As America moves in the direction of legalizing narcotics, we are realizing how much we don’t know about marijuana. Things like the long-term health implications of inhaling smoke are as yet unknown but one thing we do know about weed – it’s racist! At least it is in Florida.
In 2014 Florida’s Governor Rick Scott signed SB 1030
(the “Compassionate Medical Cannabis Act of 2014.”) into law. The law opened the door for legitimate Florida nursery owners who had been in the business 30 years or longer to cultivate and distribute a low THC medical marijuana product. This legalization on a tightly controlled basis allows farmers to market the product to cancer patients and those suffering from seizures and muscle spasms.
Those who have not been in business for at least 30 years do not quality to cultivate marijuana under the provisions of this law.
Particularly if you’re black.
If you are a black farmer/nursery owner who has not been in business for at least 30 years, then you do not qualify under the provisions of this law because it’s RACIST, of course. Never mind that white (or any other race of) farmers do not qualify either. This law is clearly singling blacks out because of skin color!The bill’s sponsor, state Rep. Matt Caldwell, justified the verbiage and bill’s requirements by stating that he thought the legitimate nursery owners who had been in the business the longest should be the first in line. As soon as the bill was signed into law, black farmers in Florida proceeded to decry the unconstitutionality of the bill. Pointing to the Pigford vs. Glickman case.
What the heck is that?
“Pigford vs. Glickman was a class action lawsuit against the United States Department of Agriculture (USDA), alleging racial discrimination in its allocation of farm loans and assistance between 1981 and 1996. The lawsuit ended with a settlement on April 14, 1999. To date, almost $1 billion has been paid or credited to more than 13,300 farmers under the settlement’s consent decree, under what is reportedly the largest civil rights settlement to date. As another 70,000 farmers had filed late and not had their claims heard, the 2008 Farm Bill provided for additional claims to be heard; and in December 2010, Congress appropriated $1.2 billion for what is called Pigford II, the second part of the case.”
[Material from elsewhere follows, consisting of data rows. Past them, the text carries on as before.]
(* Let $t\ge 1$ be an integer and $n=2t^2+2t+1$. Let $\mathcal{C}_0\subseteq\mathbb{Z}_n^2$ be a linear $t$-error-correcting perfect code with generator matrix $G=[a~~b]$, and let $\mathcal{C}=\mathbf{x}+\mathcal{C}_0$ for some $\mathbf{x}=(x_1,x_2)\in\mathbb{Z}_n^2$. Let $\mathcal{S}$ be the set of all perfect Sudoku grids with respect to $\mathcal{C}$, and let \[ \mathcal{G}_\mathcal{S}=\langle \tau_2^{x_1+x_2+1}\tau_1^{x_1-x_2}r,\ \tau_1^a\tau_2^b\rangle. \] Then for every $S\in\mathcal{S}$ and every $g\in\mathcal{G}_\mathcal{S}$, we have $g\cdot S\in\mathcal{S}$.
   Context: $\mathbb{Z}_n$ is the integers modulo $n$; Lee weight of $\mathbf{u}\in\mathbb{Z}_n^2$ is $\sum_i\min\{u_i,n-u_i\}$ and Lee distance $d_L(\mathbf{u},\mathbf{v})=\mathrm{wt}_L(\mathbf{u}-\mathbf{v})$. A linear code is a submodule of $\mathbb{Z}_n^2$; a generator matrix is a matrix whose rows form a minimal spanning set. A code with minimum Lee distance $d$ is a perfect code if, with $t=\lfloor (d-1)/2\rfloor$, the Lee balls $\mathcal{B}_t(\mathbf{c})$ of radius $t$ around the codewords cover $\mathbb{Z}_n^2$ (they are then pairwise disjoint); it is $t$-error-correcting if $d\ge 2t+1$. For $n=2t^2+2t+1$, each ball of radius $t$ in $\mathbb{Z}_n^2$ has $n$ points, so such a perfect code has $n$ codewords. A palette grid is an $n\times n$ array with entries in $[n]=\{1,\dots,n\}$ in which each symbol occurs exactly $n$ times. Two $n\times n$ arrays with entries in an $n$-set are orthogonal if the $n^2$ ordered pairs of corresponding entries are all distinct. A Sudoku grid with respect to a palette grid $\mathcal{I}$ is a Latin square of order $n$ on $[n]$ orthogonal to $\mathcal{I}$. For a $t$-error-correcting perfect code $\mathcal{C}=\{\mathbf{c}_1,\dots,\mathbf{c}_n\}\subseteq\mathbb{Z}_n^2$, the palette grid $\mathcal{I}_\mathcal{C}$ has rows and columns indexed by $\mathbb{Z}_n$ and entry $i$ at every position $(x,y)\in\mathcal{B}_t(\mathbf{c}_i)$ ($x$ = row, $y$ = column); a perfect Sudoku grid with respect to $\mathcal{C}$ is a Sudoku grid with respect to $\mathcal{I}_\mathcal{C}$. Maps on $n\times n$ arrays $A$ (indices in $\mathbb{Z}_n$): $(r(A))_{i,j}=A_{n-1-j,i}$ (rotation), $(\tau_1(A))_{i,j}=A_{i-1,j}$, $(\tau_2(A))_{i,j}=A_{i,j-1}$ (translations); the group they generate acts on arrays by $\varphi\cdot A=\varphi(A)$ with composition of maps. *)

theory Defs
  imports Main
begin
lemma degree_prod_linear_le: "degree (\<Prod>i<n. [:- u i, 1:] :: 'a :: comm_ring_1 poly) \<le> n"
  using degree_prod_sum_le[of "{..<n}" "\<lambda>i. [:- u i, 1:] :: 'a poly"] by simp

lemma coeff_prod_linear_top: "coeff (\<Prod>i<n. [:- u i, 1:]) n = (1 :: 'a :: comm_ring_1)"
proof (induction n)
  case (Suc n)
  have "coeff (\<Prod>i<n. [:- u i, 1:]) (Suc n) = (0 :: 'a)"
    using degree_prod_linear_le[where n=n and u=u] by (simp add: coeff_eq_0)
  with Suc show ?case by (simp only: prod.lessThan_Suc coeff_mult_linear) simp
qed simp

lemma coeff_prod_linear_sum:
  "coeff (\<Prod>i<Suc n. [:- u i, 1:]) n = - (\<Sum>i<Suc n. u i :: 'a :: comm_ring_1)"
proof (induction n)
  case (Suc n)
  then show ?case
    using coeff_prod_linear_top[where n="Suc n" and u=u]
    by (simp only: prod.lessThan_Suc coeff_mult_linear sum.lessThan_Suc) simp
qed simp

lemma coeff_prod_linear_sum_sq:
  "2 * coeff (\<Prod>i<Suc (Suc n). [:- u i, 1:]) n
     = (\<Sum>i<Suc (Suc n). u i) ^ 2 - (\<Sum>i<Suc (Suc n). u i ^ 2 :: 'a :: comm_ring_1)"
proof (induction n)
  case 0
  then show ?case by (simp add: power2_eq_square algebra_simps)
next
  case (Suc n)
  let ?P = "\<Prod>i<Suc (Suc n). [:- u i, 1:]" and ?v = "u (Suc (Suc n))"
    and ?S = "\<Sum>i<Suc (Suc n). u i" and ?Q = "\<Sum>i<Suc (Suc n). u i ^ 2"
  have "2 * coeff (\<Prod>i<Suc (Suc (Suc n)). [:- u i, 1:]) (Suc n) = 2 * ?v * ?S + 2 * coeff ?P n"
    using coeff_prod_linear_sum[where n="Suc n" and u=u]
    by (simp only: prod.lessThan_Suc coeff_mult_linear) (simp add: algebra_simps)
  also have "\<dots> = (?S + ?v) ^ 2 - (?Q + ?v ^ 2)"
    unfolding Suc.IH by (simp add: power2_eq_square algebra_simps)
  finally show ?case by (simp only: sum.lessThan_Suc)
qed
The original plaintiffs in the Pigford class-action suit numbered less than 500. However, as is the case whenever the federal government opens up the trough, the pig(fords) come wallowing in for their turn at it. To date, approximately 94,000 claims have been filed. By the way, the National Black Farmers Association believes there are approximately 18,000 black farmers in the entire country.
And so the farmers and nursery owners in Florida who happen to be a. black, and, b. not yet in business for 30 years have latched onto Pigford II in an effort to force the state of Florida to do what so many affirmative action laws have done – treat blacks as “special” instead of “equal.”
SB1030 is clearly not a racial discrimination issue, but that never stops activists bent on finding racism where none exists. In fact. the true act of discrimination would be to allow those who did not have a legitimate farming business 30 years ago to participate in growing marijuana now.
Today’s lesson? If you go around looking for racism you’re going to find it. Whether it’s there or not is an entirely different discussion.